Bug #30071	Many problems with Perl-Compatible Regular Expressions
Submitted:	2004-09-13 01:57 UTC	Modified:	2004-09-13 06:37 UTC
From:	wesleywex at gmail dot com	Assigned:
Status:	Not a bug	Package:	PCRE related
PHP Version:	4.3.9RC2	OS:	Windows 2000 SP4
Private report:	No	CVE-ID:	None

View Developer Edit

Anyone can comment on a bug. Have a simpler test case? Does it work for you on a different platform? Let us know!
Just going to say 'Me too!'? Don't clutter the database with that please !

Your email address: MUST BE VALID
Solve the problem: 30 - 8 = ?
Subscribe to this entry?

[2004-09-13 01:57 UTC] wesleywex at gmail dot com

Description:
------------
I'm trying to replace some multiple tags like <wsb></wsb> and <wsimg> with only one regex.
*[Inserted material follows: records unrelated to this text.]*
lemma grad_f_lipschitz: "norm (grad f x - grad f z) \<le> Lf * norm (x - z)"
proof -
  let ?nA = "onorm (\<lambda>x. A *v x)"
  have "norm (transpose A *v dual_sol (A *v x) - transpose A *v dual_sol (A *v z))
      \<le> ?nA * norm (dual_sol (A *v x) - dual_sol (A *v z))"
    unfolding matrix_vector_mult_diff_distrib[symmetric] by (rule norm_transpose_matrix_vector_le)
  also have "\<dots> \<le> ?nA * (\<sigma> / lam_min Ml * norm (A *v x - A *v z))"
    using dual_sol_lipschitz onorm_pos_le[OF matrix_vector_mul_bounded_linear]
    by (intro mult_left_mono) auto
  also have "\<dots> \<le> ?nA * (\<sigma> / lam_min Ml * (?nA * norm (x - z)))"
    using norm_matrix_vector_le[of A "x - z"] onorm_pos_le[OF matrix_vector_mul_bounded_linear]
      lam_min_pos[OF Ml_pd] \<sigma>_pos
    by (intro mult_left_mono) (auto simp: matrix_vector_mult_diff_distrib)
  finally have "norm (transpose A *v dual_sol (A *v x) - transpose A *v dual_sol (A *v z))
      \<le> \<sigma> / lam_min Ml * ?nA\<^sup>2 * norm (x - z)"
    by (simp add: power2_eq_square algebra_simps)
  moreover have "norm (grad f0 x - grad f0 z) \<le> L0 * norm (x - z)"
    using f0_lip by blast
  ultimately show ?thesis
    unfolding grad_f Lf_def
    using norm_triangle_ineq[of "grad f0 x - grad f0 z"
        "transpose A *v dual_sol (A *v x) - transpose A *v dual_sol (A *v z)"]
    by (simp add: algebra_simps)
qed

lemma f_descent: "f z \<le> f x + grad f x \<bullet> (z - x) + Lf / 2 * (norm (z - x))\<^sup>2"
  using f_has_derivative grad_f_lipschitz
  by (intro lipschitz_gradient_descent) (auto simp: differentiable_def)
(* Let $v_1,\dots,v_m$ be nonzero vectors spanning $\mathbb{R}^n$ ($m\ge n$) such that $(\mathbb{R}^n,(v_i)_{i=1}^m)$ is irreducible, and let $c=(c_i)_{i=1}^m$ with $c_i>0$, $\sum_ic_i=n$. Let $D_c=\inf\{\det(\sum_i\lambda_iv_i\otimes v_i)/\prod_i\lambda_i^{c_i};\ \lambda_i>0\}$. If $(\lambda_i)_{i=1}^m$ and $(\mu_i)_{i=1}^m$ are $m$-tuples of positive numbers both attaining this infimum, then there exists $r\in\mathbb{R}$ such that $\lambda_i=r\mu_i$ for all $i$.
   Context: The relation $\bowtie$ on $\{1,\dots,m\}$: $i\bowtie j$ iff there is $K\subset\{1,\dots,m\}$ with $|K|=n-1$ such that both $(v_i,(v_k)_{k\in K})$ and $(v_j,(v_k)_{k\in K})$ are bases of $\mathbb{R}^n$. $(\mathbb{R}^n,(v_i)_{i=1}^m)$ is irreducible if any two indices are joined by a finite chain of $\bowtie$-related indices. $v\otimes v=vv^T$. *)

theory Defs
  imports "HOL-Analysis.Analysis"
begin

definition outer :: "real^'n \<Rightarrow> real^'n^'n" where
  "outer v = (\<chi> i j. v $ i * v $ j)"

text \<open>The family (v_k) indexed by I is a basis of R^n (as a family: no repeated entries).\<close>
definition basis_family :: "(nat \<Rightarrow> real^'n) \<Rightarrow> nat set \<Rightarrow> bool" where
  "basis_family v I \<longleftrightarrow> inj_on v I \<and> independent (v ` I) \<and> span (v ` I) = UNIV"

text \<open>i bowtie j: some K of size n-1 such that (v_i,(v_k)_{k in K}) and (v_j,(v_k)_{k in K})
  are both bases.  A family with a repeated index is not a basis, hence i,j \<notin> K.\<close>
definition bowtie :: "(nat \<Rightarrow> real^'n) \<Rightarrow> nat \<Rightarrow> nat \<Rightarrow> nat \<Rightarrow> bool" where
  "bowtie v m i j \<longleftrightarrow> (\<exists>K. K \<subseteq> {1..m} \<and> card K = CARD('n) - 1 \<and> i \<notin> K \<and> j \<notin> K \<and>
      basis_family v (insert i K) \<and> basis_family v (insert j K))"

definition irreducible_family :: "(nat \<Rightarrow> real^'n) \<Rightarrow> nat \<Rightarrow> bool" where
  "irreducible_family v m \<longleftrightarrow>
     (\<forall>i\<in>{1..m}. \<forall>j\<in>{1..m}.
        (\<lambda>a b. a \<in> {1..m} \<and> b \<in> {1..m} \<and> bowtie v m a b)\<^sup>*\<^sup>* i j)"

definition bl_ratio :: "(nat \<Rightarrow> real^'n) \<Rightarrow> nat \<Rightarrow> (nat \<Rightarrow> real) \<Rightarrow> (nat \<Rightarrow> real) \<Rightarrow> real" where
  "bl_ratio v m c lam = det (\<Sum>i\<in>{1..m}. lam i *\<^sub>R outer (v i)) / (\<Prod>i\<in>{1..m}. lam i powr c i)"

definition D_const :: "(nat \<Rightarrow> real^'n) \<Rightarrow> nat \<Rightarrow> (nat \<Rightarrow> real) \<Rightarrow> real" where
  "D_const v m c = Inf {bl_ratio v m c lam | lam. \<forall>i\<in>{1..m}. lam i > 0}"

end

theory Submission
  imports Defs
begin

(* Write s = sqrt lam, t = sqrt mu, and let A, B, N be the matrices sum_i a_i v_i v_i^T for
   the weights s^2, t^2 and s t.  With C = N B^-1 there is the exact decomposition
   A = N B^-1 N + sum_i w_i w_i^T, where w_i = s_i v_i - t_i C v_i.  The weights s t are
   admissible in the infimum and their product term is the geometric mean of those of lam and
   mu, so minimality gives det A * det B <= (det N)^2 = det (N B^-1 N) * det B.  Adding a
   nonzero rank-one term w w^T to a positive definite matrix strictly increases its
   determinant, hence every w_i vanishes: each v_i is an eigenvector of C with eigenvalue
   sqrt (lam_i / mu_i).  If i bowtie j via K, the span of the v_k (k in K) is a C-invariant
   hyperplane containing neither v_i nor v_j, which forces equal eigenvalues; irreducibility
   then makes lam_i / mu_i constant. *)

definition pos_def :: "real^'n^'n \<Rightarrow> bool" where
  "pos_def H \<longleftrightarrow> (\<forall>x. x \<noteq> 0 \<longrightarrow> x \<bullet> (H *v x) > 0)"

definition weighted_outer_sum ::
    "(nat \<Rightarrow> real^'n) \<Rightarrow> nat set \<Rightarrow> (nat \<Rightarrow> real) \<Rightarrow> real^'n^'n" where
  "weighted_outer_sum v I a = (\<Sum>i\<in>I. a i *\<^sub>R outer (v i))"

lemma sum_matrix_vector_mult: "(sum f S :: real^'n^'m) *v x = (\<Sum>i\<in>S. f i *v x)"
  by (induction S rule: infinite_finite_induct) (auto simp: matrix_vector_mult_add_rdistrib)

lemma matrix_add_rdistrib: "((A::real^'n^'m) + B) ** (C::real^'k^'n) = A ** C + B ** C"
  by (vector matrix_matrix_mult_def sum.distrib[symmetric] field_simps)

lemma sum_scaleR_matrix_mult_left:
  "(\<Sum>i\<in>S. f i *\<^sub>R ((X i :: real^'n^'m) ** (T :: real^'k^'n))) = (\<Sum>i\<in>S. f i *\<^sub>R X i) ** T"
  by (induction S rule: infinite_finite_induct) (auto simp: matrix_add_rdistrib scalar_matrix_assoc)

lemma sum_scaleR_matrix_mult_right:
  "(\<Sum>i\<in>S. f i *\<^sub>R ((T :: real^'n^'m) ** (X i :: real^'k^'n))) = T ** (\<Sum>i\<in>S. f i *\<^sub>R X i)"
  by (induction S rule: infinite_finite_induct)
    (auto simp: matrix_add_ldistrib matrix_scalar_ac scalar_matrix_assoc)

lemma outer_mult_vector: "outer v *v x = (v \<bullet> x) *\<^sub>R v"
  by (simp add: outer_def matrix_vector_mult_def vec_eq_iff inner_vec_def sum_distrib_left mult_ac)

lemma inner_outer_mult_vector: "x \<bullet> (outer v *v x) = (v \<bullet> x)\<^sup>2"
  by (simp add: outer_mult_vector power2_eq_square inner_commute)

lemma inner_weighted_outer_sum:
  "x \<bullet> (weighted_outer_sum v I a *v y) = (\<Sum>i\<in>I. a i * (v i \<bullet> x) * (v i \<bullet> y))"
  by (simp add: weighted_outer_sum_def sum_matrix_vector_mult inner_sum_right
      scaleR_matrix_vector_assoc[symmetric] outer_mult_vector mult_ac inner_commute)

lemma transpose_weighted_outer_sum:
  "transpose (weighted_outer_sum v I a) = weighted_outer_sum v I a"
  by (simp add: weighted_outer_sum_def transpose_def outer_def vec_eq_iff sum_component mult.commute)

lemma pos_def_imp_inj:
  assumes "pos_def H" shows "inj ((*v) H)"
proof (rule injI)
  fix x y assume "H *v x = H *v y"
  then have "(x - y) \<bullet> (H *v (x - y)) = 0" by (simp add: matrix_vector_mult_diff_distrib)
  then show "x = y" using assms unfolding pos_def_def by (metis less_irrefl eq_iff_diff_eq_0)
qed

lemma pos_def_invertible: "pos_def H \<Longrightarrow> invertible H"
  using det_nz_iff_inj[of "(*v) H"]
  by (simp add: invertible_det_nz matrix_of_matrix_vector_mul pos_def_imp_inj)

lemma pos_def_det_pos:
  fixes H :: "real^'n^'n"
  assumes "pos_def H" shows "det H > 0"
proof (rule ccontr)
  \<comment> \<open>det would have to vanish somewhere on the segment from mat 1 to H, which consists
    of positive definite, hence invertible, matrices\<close>
  define F where "F t = (1 - t) *\<^sub>R mat 1 + t *\<^sub>R H" for t :: real
  have cont: "continuous_on {0..1} (\<lambda>t. det (F t))"
    unfolding det_def F_def by (intro continuous_intros)
  assume "\<not> det H > 0"
  moreover have "F 1 = H" "F 0 = mat 1" by (simp_all add: F_def)
  ultimately obtain t where t: "0 \<le> t" "t \<le> 1" "det (F t) = 0"
    using IVT2'[of "\<lambda>t. det (F t)" 1 0 0] cont by auto
  have "pos_def (F t)"
    unfolding pos_def_def
  proof (intro allI impI)
    fix x :: "real^'n" assume "x \<noteq> 0"
    then have "x \<bullet> x > 0" "x \<bullet> (H *v x) > 0" using assms pos_def_def by auto
    moreover have "x \<bullet> (F t *v x) = (1 - t) * (x \<bullet> x) + t * (x \<bullet> (H *v x))"
      by (simp add: F_def matrix_vector_mult_add_rdistrib scaleR_matrix_vector_assoc[symmetric]
          inner_add_right)
    ultimately show "x \<bullet> (F t *v x) > 0"
      using t by (cases "t = 0") (auto intro: add_nonneg_pos)
  qed
  then show False using t pos_def_invertible invertible_det_nz by blast
qed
While I was using few tags, I saw no problem (what indicates that the regex is valid), but when the tags reaches some unknown limit, the system makes very odd things, like:

- Not parsing correctly the text
- Taking much more time to proccess the script if just one small new line is inserted

You can see theese glitches in 3 files I've prepared. All 3 have similar contents, I just changed one line between them.

Reproduce code:
---------------
Variations:
1: http://wstec.net/tmp/php_bug_pcre_02/code_01.txt
2: http://wstec.net/tmp/php_bug_pcre_02/code_02.txt
3: http://wstec.net/tmp/php_bug_pcre_02/code_03.txt

Actual result:
--------------
Attention to the line with the <wsx />

1: http://wstec.net/tmp/php_bug_pcre_02/code_01.php
- Took more than 1 second to parse the text only 2 times
- Parsed everything as it should be parsed
- Note that there aren't spaces in the text among <!-- and -->

2: http://wstec.net/tmp/php_bug_pcre_02/code_02.php
- Took more than 1 second to parse the text only 1 time
- Not everything that should be parsed was
- Note the only difference is the spaces in the text among <!-- and -->

3: http://wstec.net/tmp/php_bug_pcre_02/code_03.php
- Took less than 1 second to parse the text the same 2 times than the firs scipt
- Parsed everything as it should be parsed
- Note that the only difference between the previous scripts is that line starting with <wsx />

I hope you understand the issue now

Patches

Pull Requests

History

AllCommentsChangesGit/SVN commitsRelated reports

[2004-09-13 04:29 UTC] rasmus@php.net

It's not that hard to write recursive regular expressions that brings the regex parser to its knees.  As far as I can tell this is what you have done.  But it is hard to tell as you don't even explain what you are expecting from the simple case of something like <wsb>abc</wsb>
Plugging that into your regex gets me:
NEO_HTML( &quot;b&quot;, &quot;&quot;, &quot;abc&quot; )
Is that really what you are trying to get?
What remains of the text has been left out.